Nouvelles révélations sur l'origine des premiers Américains

Des génomes récemment séquencés d’Amérindiens ont révélé la présence de populations jusqu’alors inconnues sur le continent et l’adaptation unique à l’altitude dont certains peuples ont fait preuve.

De Michael Greshko
Des génomes d'Amérindiens récemment séquencés permettent d'en savoir plus sur le peuplement originel des Amériques et ...
Des génomes d'Amérindiens récemment séquencés permettent d'en savoir plus sur le peuplement originel des Amériques et la façon dont les Hommes se sont installés dans tout le continent. L'un des nouveaux génomes analysés provient de restes humains vieux de 9 600 ans et mis au jour à Lapa do Santo, un site archéologique de l'est du Brésil, photographié ci-dessus.
PHOTOGRAPHIE DE Maurício de Paiva

« D'où venons-nous ? » C'est peut-être là l'une des questions les plus importantes de l'humanité, à laquelle trois nouvelles études apportent aujourd'hui de surprenantes réponses. Dans le cadre de ces dernières, les scientifiques ont analysé l'ADN d'Hommes modernes et anciens, offrant un nouveau regard sur le peuplement complexe des Amériques.
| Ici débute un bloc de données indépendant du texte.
(* Assume $q\neq0$. Let $i,j,k,l,r$ be integers with $i+j=k+l$. Then $$u_ih_j-u_kh_l=q^r\left(u_{i-r}h_{j-r}-u_{k-r}h_{l-r}\right)$$ and $$u_iw_j-u_kw_l=q^r\left(u_{i-r}w_{j-r}-u_{k-r}w_{l-r}\right).$$
   Context: Let $p,q,a,b$ be complex numbers with $q\neq0$. The sequence $(u_n)$ is defined by $u_0=0$, $u_1=1$, $u_n=pu_{n-1}-qu_{n-2}$. The Horadam sequence $(w_n)$ is defined by $w_0=a$, $w_1=b$, $w_n=pw_{n-1}-qw_{n-2}$. The Horadam-Lucas sequence $(h_n)$ is defined by $h_0=2b-ap$, $h_1=bp-2aq$, $h_n=ph_{n-1}-qh_{n-2}$. All are extended to all integer indices by $x_{n-2}=(px_{n-1}-x_n)/q$. *)

theory Defs
  imports Complex_Main
begin

fun seq_pos :: "complex \<Rightarrow> complex \<Rightarrow> complex \<Rightarrow> complex \<Rightarrow> nat \<Rightarrow> complex" where
  "seq_pos p q a b 0 = a"
| "seq_pos p q a b (Suc 0) = b"
| "seq_pos p q a b (Suc (Suc n)) = p * seq_pos p q a b (Suc n) - q * seq_pos p q a b n"

text \<open>seq_neg p q a b n is the value at index -n.\<close>
fun seq_neg :: "complex \<Rightarrow> complex \<Rightarrow> complex \<Rightarrow> complex \<Rightarrow> nat \<Rightarrow> complex" where
  "seq_neg p q a b 0 = a"
| "seq_neg p q a b (Suc 0) = (p * a - b) / q"
| "seq_neg p q a b (Suc (Suc n)) = (p * seq_neg p q a b (Suc n) - seq_neg p q a b n) / q"

definition lin_seq :: "complex \<Rightarrow> complex \<Rightarrow> complex \<Rightarrow> complex \<Rightarrow> int \<Rightarrow> complex" where
  "lin_seq p q a b n = (if 0 \<le> n then seq_pos p q a b (nat n) else seq_neg p q a b (nat (- n)))"

definition u_seq :: "complex \<Rightarrow> complex \<Rightarrow> int \<Rightarrow> complex" where
  "u_seq p q = lin_seq p q 0 1"

definition horadam :: "complex \<Rightarrow> complex \<Rightarrow> complex \<Rightarrow> complex \<Rightarrow> int \<Rightarrow> complex" where
  "horadam p q a b = lin_seq p q a b"

definition horadam_lucas :: "complex \<Rightarrow> complex \<Rightarrow> complex \<Rightarrow> complex \<Rightarrow> int \<Rightarrow> complex" where
  "horadam_lucas p q a b = lin_seq p q (2 * b - a * p) (b * p - 2 * a * q)"

end

theory Submission
  imports Defs
begin

text \<open>For any two solutions u, x of the recurrence x_{n+2} = p x_{n+1} - q x_n the cross term
  u_i x_j - q u_{i-1} x_{j-1} depends only on i + j: moving one unit from j to i and applying
  the recurrence once to u and once to x leaves it unchanged. Taking the difference of two such
  terms with the same index sum gives the identity for r = 1, and iterating it in both directions
  gives it for every integer r.\<close>

lemma lin_seq_rec:
  assumes "q \<noteq> 0"
  shows "lin_seq p q a b (n + 2) = p * lin_seq p q a b (n + 1) - q * lin_seq p q a b n"
proof (cases "n \<ge> 0")
  case True
  then obtain k where "n = int k" by (metis nonneg_eq_int)
  moreover have "nat (int k + 2) = Suc (Suc k)" "nat (int k + 1) = Suc k" by auto
  ultimately show ?thesis by (simp add: lin_seq_def)
next
  case False
  show ?thesis
  proof (cases "n = -1")
    case True
    then show ?thesis using assms by (simp add: lin_seq_def field_simps)
  next
    case False
    define k where "k = nat (- n - 2)"
    have k: "n = - int k - 2" using \<open>\<not> n \<ge> 0\<close> False unfolding k_def by simp
    have "lin_seq p q a b n = seq_neg p q a b (Suc (Suc k))"
      using k by (simp add: lin_seq_def nat_add_distrib del: seq_neg.simps)
    moreover have "lin_seq p q a b (n + 1) = seq_neg p q a b (Suc k)"
      using k by (simp add: lin_seq_def nat_add_distrib)
    moreover have "lin_seq p q a b (n + 2) = seq_neg p q a b k"
      using k by (simp add: lin_seq_def)
    ultimately show ?thesis using assms by (simp add: field_simps)
  qed
qed

lemma int_shift_invariant_const:
  fixes f :: "int \<Rightarrow> 'a"
  assumes "\<And>n. f (n + 1) = f n"
  shows "f m = f 0"
proof (induction m rule: int_induct[where k = 0])
  case (step2 i)
  then show ?case using assms[of "i - 1"] by simp
qed (simp_all add: assms)

lemma recurrence_cross_term_shift:
  fixes u x :: "int \<Rightarrow> 'a :: comm_ring"
  assumes ru: "\<And>n. u (n + 2) = p * u (n + 1) - q * u n"
    and rx: "\<And>n. x (n + 2) = p * x (n + 1) - q * x n"
  shows "u (i + 1) * x (j - 1) - q * u i * x (j - 2) = u i * x j - q * u (i - 1) * x (j - 1)"
proof -
  have hu: "u (i + 1) = p * u i - q * u (i - 1)" using ru[of "i - 1"] by (simp add: add.commute)
  have hx: "x j = p * x (j - 1) - q * x (j - 2)" using rx[of "j - 2"] by simp
  show ?thesis unfolding hu hx by (simp add: algebra_simps)
qed

lemma recurrence_cross_term_eq:
  fixes u x :: "int \<Rightarrow> 'a :: comm_ring"
  assumes ru: "\<And>n. u (n + 2) = p * u (n + 1) - q * u n"
    and rx: "\<And>n. x (n + 2) = p * x (n + 1) - q * x n"
    and "i + j = k + l"
  shows "u i * x j - q * u (i - 1) * x (j - 1) = u k * x l - q * u (k - 1) * x (l - 1)"
proof -
  define f where "f n = u (i + n) * x (j - n) - q * u (i + n - 1) * x (j - n - 1)" for n
  have "f (n + 1) = f n" for n
    using recurrence_cross_term_shift[OF ru rx, of "i + n" "j - n"]
    by (simp add: f_def algebra_simps)
  then have "f (k - i) = f 0" by (rule int_shift_invariant_const)
  moreover have "j - (k - i) = l" using assms(3) by simp
  ultimately show ?thesis by (simp add: f_def)
qed

lemma recurrence_product_difference_step:
  fixes u x :: "int \<Rightarrow> 'a :: comm_ring"
  assumes ru: "\<And>n. u (n + 2) = p * u (n + 1) - q * u n"
    and rx: "\<And>n. x (n + 2) = p * x (n + 1) - q * x n"
    and "i + j = k + l"
  shows "u i * x j - u k * x l = q * (u (i - 1) * x (j - 1) - u (k - 1) * x (l - 1))"
  using recurrence_cross_term_eq[OF ru rx assms(3)] by (simp add: algebra_simps)

lemma recurrence_product_difference:
  fixes u x :: "int \<Rightarrow> 'a :: field"
  assumes "q \<noteq> 0"
    and ru: "\<And>n. u (n + 2) = p * u (n + 1) - q * u n"
    and rx: "\<And>n. x (n + 2) = p * x (n + 1) - q * x n"
    and "i + j = k + l"
  shows "u i * x j - u k * x l = q powi r * (u (i - r) * x (j - r) - u (k - r) * x (l - r))"
proof -
  define g where "g s = q powi s * (u (i - s) * x (j - s) - u (k - s) * x (l - s))" for s
  have "g (s + 1) = g s" for s
  proof -
    have "i - s + (j - s) = k - s + (l - s)" using assms(4) by simp
    from recurrence_product_difference_step[OF ru rx this]
    have "u (i - s) * x (j - s) - u (k - s) * x (l - s)
        = q * (u (i - (s + 1)) * x (j - (s + 1)) - u (k - (s + 1)) * x (l - (s + 1)))"
      by (simp add: algebra_simps)
    moreover have "q powi (s + 1) = q powi s * q" using assms(1) by (simp add: power_int_add)
    ultimately show ?thesis by (simp add: g_def)
  qed
  then have "g r = g 0" by (rule int_shift_invariant_const)
  then show ?thesis by (simp add: g_def)
qed

theorem mainTheorem16:
  fixes p q a b :: complex and i j k l r :: int
  assumes "q \<noteq> 0" and "i + j = k + l"
  shows "(u_seq p q i * horadam_lucas p q a b j - u_seq p q k * horadam_lucas p q a b l
           = q powi r * (u_seq p q (i - r) * horadam_lucas p q a b (j - r)
                         - u_seq p q (k - r) * horadam_lucas p q a b (l - r))) \<and>
         (u_seq p q i * horadam p q a b j - u_seq p q k * horadam p q a b l
           = q powi r * (u_seq p q (i - r) * horadam p q a b (j - r)
                         - u_seq p q (k - r) * horadam p q a b (l - r)))"
proof -
  have rec: "\<And>c d n. lin_seq p q c d (n + 2) = p * lin_seq p q c d (n + 1) - q * lin_seq p q c d n"
    using lin_seq_rec[OF assms(1)] .
  show ?thesis
    unfolding u_seq_def horadam_lucas_def horadam_def
    by (intro conjI recurrence_product_difference[OF assms(1) rec rec assms(2)])
qed

end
Lorsque les Hommes modernes ont quitté l'Afrique voilà 60 000 ans, ils se sont rapidement dispersés sur les six continents. Si les scientifiques peuvent retracer cette migration épique grâce à l'ADN d'humains vivants ou décédés depuis longtemps, ils manquaient de données génétiques des populations d’Amérique du Sud, qui fut la dernière étape majeure de ce voyage de l'humanité. Trois nouvelles études, publiées le 8 novembre dans les revues ScienceCell, et Science Advances, augmentent fortement le nombre de génomes complets séquencés provenant de peuples indigènes passés et présents d'Amérique du Sud.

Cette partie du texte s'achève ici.